lemma Max_lower_set: "\<delta> \<in> \<Gamma> \<Longrightarrow> finite (lower_set \<Gamma> \<delta>) \<Longrightarrow> Max (lower_set \<Gamma> \<delta>) = \<delta>"
  by (rule Max_eqI) (auto simp: lower_set_def intro: fseq_le_imp_le)

lemma lower_sets_not_captured:
  assumes "C \<subseteq> lower_set \<Gamma> ` \<Gamma>" "card C = 2"
  shows "\<not> captures \<F> n r l F C"
proof
  assume cap: "captures \<F> n r l F C"
  then have F: "F \<in> level \<F> l" unfolding captures_def by blast
  obtain k Fs R c0 c1 \<phi> where l: "l = Suc k" and decomp: "decomp \<F> n r k F Fs R"
    and C: "C = {c0, c1}" and c: "c0 \<subseteq> Fs 0" "c1 \<subseteq> Fs 1" "c0 - R \<noteq> {}"
    and \<phi>: "incr_bij (Fs 0) (Fs 1) \<phi>" "\<phi> ` c0 = c1"
    using captures_pairE[OF cap assms(2)] .
  interpret D: ordered_delta_system Fs "n (Suc k)" "m k" "r (Suc k)" R F
    using decomp_delta_system[OF decomp] .
  have N: "0 < n (Suc k)" "1 < n (Suc k)" using D.two_le_N by auto
  obtain \<gamma> \<delta> where \<gamma>: "\<gamma> \<in> \<Gamma>" "c0 = lower_set \<Gamma> \<gamma>" and \<delta>: "\<delta> \<in> \<Gamma>" "c1 = lower_set \<Gamma> \<delta>"
    using assms(1) C by auto
  have finite: "finite c0" "finite c1" using c D.finite_block N finite_subset by blast+
  have "\<gamma> \<in> c0" using \<gamma> unfolding lower_set_def by simp
  then have "c0 \<noteq> {}" "\<gamma> \<in> Fs 0" using c(1) by auto
  moreover have "\<gamma> \<notin> R"
  proof
    assume "\<gamma> \<in> R"
    obtain z where z: "z \<in> c0" "z \<notin> R" using c(3) by blast
    then have "\<gamma> < z" using D.root_less_block[OF N(1)] c(1) \<open>\<gamma> \<in> R\<close> unfolding set_less_def by blast
    moreover have "z \<le> \<gamma>" using z(1) \<gamma>(2) fseq_le_imp_le unfolding lower_set_def by blast
    ultimately show False by simp
  qed
  moreover have "\<delta> = \<phi> \<gamma>"
    using Max_lower_set \<gamma> \<delta> finite incr_bij_Max[OF \<phi>(1) c(1) finite(1) \<open>c0 \<noteq> {}\<close>] \<phi>(2) by metis
  ultimately have "fseq \<F> \<gamma> \<le> fseq \<F> \<delta>" using fseq_le_block_copy[OF _ decomp \<phi>(1)] F l by blast
  then have "\<gamma> \<in> Fs 0 \<inter> Fs 1" using \<gamma>(1) \<delta>(2) c(2) \<open>\<gamma> \<in> Fs 0\<close> unfolding lower_set_def by blast
  then show False using D.block_inter[OF N zero_neq_one] \<open>\<gamma> \<notin> R\<close> by blast
qed
(* Let $F$ be a vector lattice endowed with a locally solid additive convergence $\eta$, let $A\subset F$, and let $E,H$ be ideals of $F$. Then: (i) $u_{A}\eta=u_{I(A)}\eta$, and this is the weakest locally solid additive convergence on $F$ which is stronger than $\eta$ on $[0_{F},|a|]$ for every $a\in A$; moreover $u_A\eta$ coincides with $\eta$ on $[0_F,|a|]$ for every $a\in A$. (ii) For a net $(f_\alpha)_{\alpha}\subset F_+$: $f_{\alpha}\xrightarrow{u_{A}\eta} 0_{F}$ iff $g_{\alpha}\xrightarrow{\eta} 0_{F}$ for every $a\in A$ and every net $(g_{\alpha})\subset[0_{F},|a|]$ (indexed by the same set) with $0_{F}\le g_{\alpha}\le f_{\alpha}$ for every $\alpha$. (iii) $u_{H}u_{E}\eta=u_{E\cap H}\eta$. In particular, $u_{E}u\eta=uu_{E}\eta=u_{E}u_{E}\eta=u_{E}\eta$. (iv) If $\eta$ is idempotent, then $u_{A}\eta=u_{\overline{I(A)}}\eta$. (v) If $\eta$ is idempotent and $h\in F_{+}$ is a topological unit, then for a net $(f_{\alpha})\subset F_{+}$ we have $f_{\alpha}\xrightarrow{u\eta} 0_{F}$ iff $h\wedge f_{\alpha}\xrightarrow{\eta} 0_{F}$.
   Context: A convergence on a vector lattice $F$ is locally solid additive if addition and $f\mapsto -f$ are continuous and $|e_\alpha|\le|f_\alpha|$, $f_\alpha\to0_F$ imply $e_\alpha\to 0_F$. For $A\subset F$, $u_A\eta$ is the locally solid additive convergence on $F$ given by: $f_\alpha\xrightarrow{u_A\eta}f$ iff $|a|\wedge|f_\alpha-f|\xrightarrow{\eta}0_F$ for every $a\in A$; $u\eta:=u_F\eta$. $I(A)$ denotes the ideal generated by $A$. A convergence $\theta$ is stronger than $\eta$ on a set $S$ if whenever a net in $S$ $\theta$-converges to a point of $S$, it $\eta$-converges to that point; "coincides on $S$" means both directions. A set is closed if it contains the limits of all convergent nets in it; $\overline{G}$ (closure w.r.t. $\eta$) is the intersection of all closed sets containing $G$. $\eta$ is idempotent if for any nets $(f_{\alpha})_{\alpha\in A},(g_{\beta})_{\beta\in B}\subset F_{+}$ with $g_{\beta}\xrightarrow{\eta}0_{F}$ and $(f_{\alpha}-g_{\beta})^{+}\xrightarrow[\alpha]{\eta}0_{F}$ for every $\beta$, one has $f_{\alpha}\xrightarrow{\eta}0_{F}$. An element $h\in F_+$ is a topological unit if the principal ideal $F_h=\bigcup_{\lambda\ge0}\lambda[-h,h]$ satisfies $\overline{F_h}=F$. *)

theory Defs
  imports Complex_Main
begin

text \<open>Nets are represented, as usual in Isabelle, by their tail filters:
a net (f_i) over an index filter D corresponds to the filter  filtermap f D.\<close>

type_synonym 'a convergence = "'a filter \<Rightarrow> 'a \<Rightarrow> bool"

definition vabs :: "'a::{ordered_real_vector,lattice} \<Rightarrow> 'a" where
  "vabs x = sup x (- x)"

definition pospart :: "'a::{ordered_real_vector,lattice} \<Rightarrow> 'a" where
  "pospart x = sup x 0"

text \<open>Axioms of a convergence: constant nets converge to their value, and
quasi-subnets (finer filters) of convergent nets converge to the same limit.\<close>
definition is_convergence :: "'a convergence \<Rightarrow> bool" where
  "is_convergence \<eta> \<longleftrightarrow>
     (\<forall>x. \<eta> (principal {x}) x) \<and> (\<forall>F G x. F \<le> G \<and> \<eta> G x \<longrightarrow> \<eta> F x)"

definition locally_solid_additive :: "'a::{ordered_real_vector,lattice} convergence \<Rightarrow> bool" where
  "locally_solid_additive \<eta> \<longleftrightarrow> is_convergence \<eta> \<and>
     (\<forall>F G x y. \<eta> F x \<and> \<eta> G y \<longrightarrow> \<eta> (filtermap (\<lambda>(u, v). u + v) (F \<times>\<^sub>F G)) (x + y)) \<and>
     (\<forall>F x. \<eta> F x \<longrightarrow> \<eta> (filtermap uminus F) (- x)) \<and>
     (\<forall>D :: ('a \<times> 'a) filter.
        (\<forall>\<^sub>F p in D. vabs (fst p) \<le> vabs (snd p)) \<and> \<eta> (filtermap snd D) 0
          \<longrightarrow> \<eta> (filtermap fst D) 0)"

definition uconv :: "'a::{ordered_real_vector,lattice} set \<Rightarrow> 'a convergence \<Rightarrow> 'a convergence" where
  "uconv A \<eta> F x \<longleftrightarrow> (\<forall>a\<in>A. \<eta> (filtermap (\<lambda>y. inf (vabs a) (vabs (y - x))) F) 0)"

definition is_ideal :: "'a::{ordered_real_vector,lattice} set \<Rightarrow> bool" where
  "is_ideal E \<longleftrightarrow> 0 \<in> E \<and> (\<forall>x\<in>E. \<forall>y\<in>E. x + y \<in> E) \<and> (\<forall>c. \<forall>x\<in>E. c *\<^sub>R x \<in> E) \<and>
     (\<forall>x\<in>E. \<forall>y. vabs y \<le> vabs x \<longrightarrow> y \<in> E)"

definition ideal_of :: "'a::{ordered_real_vector,lattice} set \<Rightarrow> 'a set" where
  "ideal_of A = \<Inter>{E. is_ideal E \<and> A \<subseteq> E}"

definition principal_ideal :: "'a::{ordered_real_vector,lattice} \<Rightarrow> 'a set" where
  "principal_ideal h = {x. \<exists>c\<ge>0. \<exists>y. - h \<le> y \<and> y \<le> h \<and> x = c *\<^sub>R y}"

text \<open>theta is stronger than eta on S: every net in S that theta-converges to a
point of S eta-converges to it. (A net in S = a proper filter containing S.)\<close>
definition stronger_on :: "'a set \<Rightarrow> 'a convergence \<Rightarrow> 'a convergence \<Rightarrow> bool" where
  "stronger_on S \<theta> \<eta> \<longleftrightarrow>
     (\<forall>F x. F \<noteq> bot \<and> (\<forall>\<^sub>F y in F. y \<in> S) \<and> x \<in> S \<and> \<theta> F x \<longrightarrow> \<eta> F x)"

definition coincide_on :: "'a set \<Rightarrow> 'a convergence \<Rightarrow> 'a convergence \<Rightarrow> bool" where
  "coincide_on S \<theta> \<eta> \<longleftrightarrow> stronger_on S \<theta> \<eta> \<and> stronger_on S \<eta> \<theta>"

definition conv_closed :: "'a convergence \<Rightarrow> 'a set \<Rightarrow> bool" where
  "conv_closed \<eta> C \<longleftrightarrow> (\<forall>F x. F \<noteq> bot \<and> (\<forall>\<^sub>F y in F. y \<in> C) \<and> \<eta> F x \<longrightarrow> x \<in> C)"

definition conv_closure :: "'a convergence \<Rightarrow> 'a set \<Rightarrow> 'a set" where
  "conv_closure \<eta> G = \<Inter>{C. conv_closed \<eta> C \<and> G \<subseteq> C}"

text \<open>Idempotency: nets (f_alpha), (g_beta) in F_+ (filters F, G, the latter
represented by its (nonempty-indexed) range S).\<close>
definition idempotent :: "'a::{ordered_real_vector,lattice} convergence \<Rightarrow> bool" where
  "idempotent \<eta> \<longleftrightarrow>
     (\<forall>F G S. (\<forall>\<^sub>F y in F. 0 \<le> y) \<and> G \<noteq> bot \<and> (\<forall>\<^sub>F z in G. z \<in> S) \<and> (\<forall>z\<in>S. 0 \<le> z) \<and>
        \<eta> G 0 \<and> (\<forall>z\<in>S. \<eta> (filtermap (\<lambda>y. pospart (y - z)) F) 0) \<longrightarrow> \<eta> F 0)"

definition topological_unit :: "'a::{ordered_real_vector,lattice} convergence \<Rightarrow> 'a \<Rightarrow> bool" where
  "topological_unit \<eta> h \<longleftrightarrow> 0 \<le> h \<and> conv_closure \<eta> (principal_ideal h) = UNIV"

definition directed :: "('i \<Rightarrow> 'i \<Rightarrow> bool) \<Rightarrow> bool" where
  "directed le \<longleftrightarrow> reflp le \<and> transp le \<and> (\<forall>a b. \<exists>c. le a c \<and> le b c)"

definition tails :: "('i \<Rightarrow> 'i \<Rightarrow> bool) \<Rightarrow> 'i filter" where
  "tails le = (INF a. principal {b. le a b})"

end

theory Submission
  imports Defs "HOL-Library.Lattice_Algebras"
begin

text \<open>The saturation of A, i.e. the set of all b such that every u_A eta-convergent net is
also u_{b} eta-convergent, is the largest set B with u_B eta = u_A eta. Solidity and additivity of
eta, through inf (u + v) w \<le> inf u w + inf v w, make it an ideal, whence u_A eta = u_I(A) eta. If
eta is idempotent it is eta-closed as well, because inf |b| |y - x| exceeds the eta-null net
inf |b'| |y - x| by at most |b' - b|; this is (iv), and (v) follows from F_h \<subseteq> I({h}).
Minimality in (i) holds since inf |a| |f_alpha - f| is a theta-null net in [0, |a|], and (iii)
since inf |e| |h| lies in E \<inter> H.\<close>

interpretation V: lattice_ab_group_add_abs vabs "(+)" "0::'a::{ordered_real_vector,lattice}" "(-)" uminus
  "(\<le>)" "(<)" inf sup
  by unfold_locales (simp add: vabs_def)

lemma inf_add_le_add_inf:
  fixes u v w :: "'a::{ordered_real_vector,lattice}"
  assumes "0 \<le> u" "0 \<le> v" "0 \<le> w"
  shows "inf (u + v) w \<le> inf u w + inf v w"
proof -
  have distrib: "inf u w + inf v w = inf (inf (u + v) (u + w)) (inf (w + v) (w + w))"
    by (simp add: V.add_inf_distrib_left V.add_inf_distrib_right inf_aci)
  have "inf (u + v) w \<le> u + w" "inf (u + v) w \<le> w + v" "inf (u + v) w \<le> w + w"
    using assms by (meson add_increasing add_increasing2 inf.coboundedI2 order_refl)+
  then show ?thesis unfolding distrib by (simp add: le_infI le_infI1)
qed

lemma inf_vabs_add_le:
  fixes s t w :: "'a::{ordered_real_vector,lattice}"
  assumes "0 \<le> w"
  shows "inf (vabs (s + t)) w \<le> inf (vabs s) w + inf (vabs t) w"
proof -
  have "inf (vabs (s + t)) w \<le> inf (vabs s + vabs t) w"
    using V.abs_triangle_ineq[of s t] by (simp add: inf.coboundedI1)
  also have "\<dots> \<le> inf (vabs s) w + inf (vabs t) w"
    by (rule inf_add_le_add_inf) (simp_all add: assms)
  finally show ?thesis .
qed

lemma inf_vabs_le_vabs_diff_add:
  fixes b b' w :: "'a::{ordered_real_vector,lattice}"
  assumes "0 \<le> w"
  shows "inf (vabs b) w \<le> vabs (b' - b) + inf (vabs b') w"
proof -
  have "inf (vabs b) w \<le> inf (vabs (b - b')) w + inf (vabs b') w"
    using inf_vabs_add_le[OF assms, of "b - b'" b'] by simp
  also have "\<dots> \<le> vabs (b' - b) + inf (vabs b') w"
    using V.abs_minus_commute[of b b'] by (simp add: add_right_mono)
  finally show ?thesis .
qed

lemma vabs_scaleR_le:
  fixes x :: "'a::{ordered_real_vector,lattice}"
  shows "vabs (c *\<^sub>R x) \<le> \<bar>c\<bar> *\<^sub>R vabs x"
proof (cases "c \<ge> 0")
  case True
  then show ?thesis
    using scaleR_left_mono[OF V.abs_ge_self[of x] True]
      scaleR_left_mono[OF V.abs_ge_minus_self[of x] True] by (simp add: V.abs_leI)
next
  case False
  then have "0 \<le> - c" by simp
  from scaleR_left_mono[OF V.abs_ge_self[of x] this] scaleR_left_mono[OF V.abs_ge_minus_self[of x] this]
  show ?thesis using False by (simp add: V.abs_leI)
qed

lemma vabs_le_vabs_of_le:
  fixes x y :: "'a::{ordered_real_vector,lattice}"
  assumes "0 \<le> x" "x \<le> y"
  shows "vabs x \<le> vabs y"
  using assms by (simp add: V.abs_of_nonneg)

lemma vabs_diff_le_of_interval:
  fixes x y b :: "'a::{ordered_real_vector,lattice}"
  assumes "x \<in> {0..b}" "y \<in> {0..b}"
  shows "vabs (y - x) \<le> b"
proof (rule V.abs_leI)
  show "y - x \<le> b" using assms by (auto intro: order_trans[of _ y] simp: diff_le_eq add_increasing2)
  show "- (y - x) \<le> b" using assms by (auto intro: order_trans[of _ x] simp: diff_le_eq add_increasing2)
qed

lemma vabs_pospart_inf_vabs_diff_le:
  fixes b b' w :: "'a::{ordered_real_vector,lattice}"
  assumes "0 \<le> w"
  shows "vabs (pospart (inf (vabs b) w - vabs (b' - b))) \<le> vabs (inf (vabs b') w)"
proof (rule vabs_le_vabs_of_le)
  have "inf (vabs b) w - vabs (b' - b) \<le> inf (vabs b') w"
    using inf_vabs_le_vabs_diff_add[OF assms, of b b'] by (metis diff_le_eq add.commute)
  then show "pospart (inf (vabs b) w - vabs (b' - b)) \<le> inf (vabs b') w"
    using assms unfolding pospart_def by simp
qed (simp add: pospart_def)

lemma convergence_antimono: "is_convergence \<eta> \<Longrightarrow> F \<le> G \<Longrightarrow> \<eta> G x \<Longrightarrow> \<eta> F x"
  unfolding is_convergence_def by blast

+--

Your task: Where does "False" occur in the data? Copy each line that has it.

Completed task:
    ultimately show False by simp
  then show False using D.block_inter[OF N zero_neq_one] \<open>\<gamma> \<notin> R\<close> by blast
  case False
  show ?thesis using False by (simp add: V.abs_leI)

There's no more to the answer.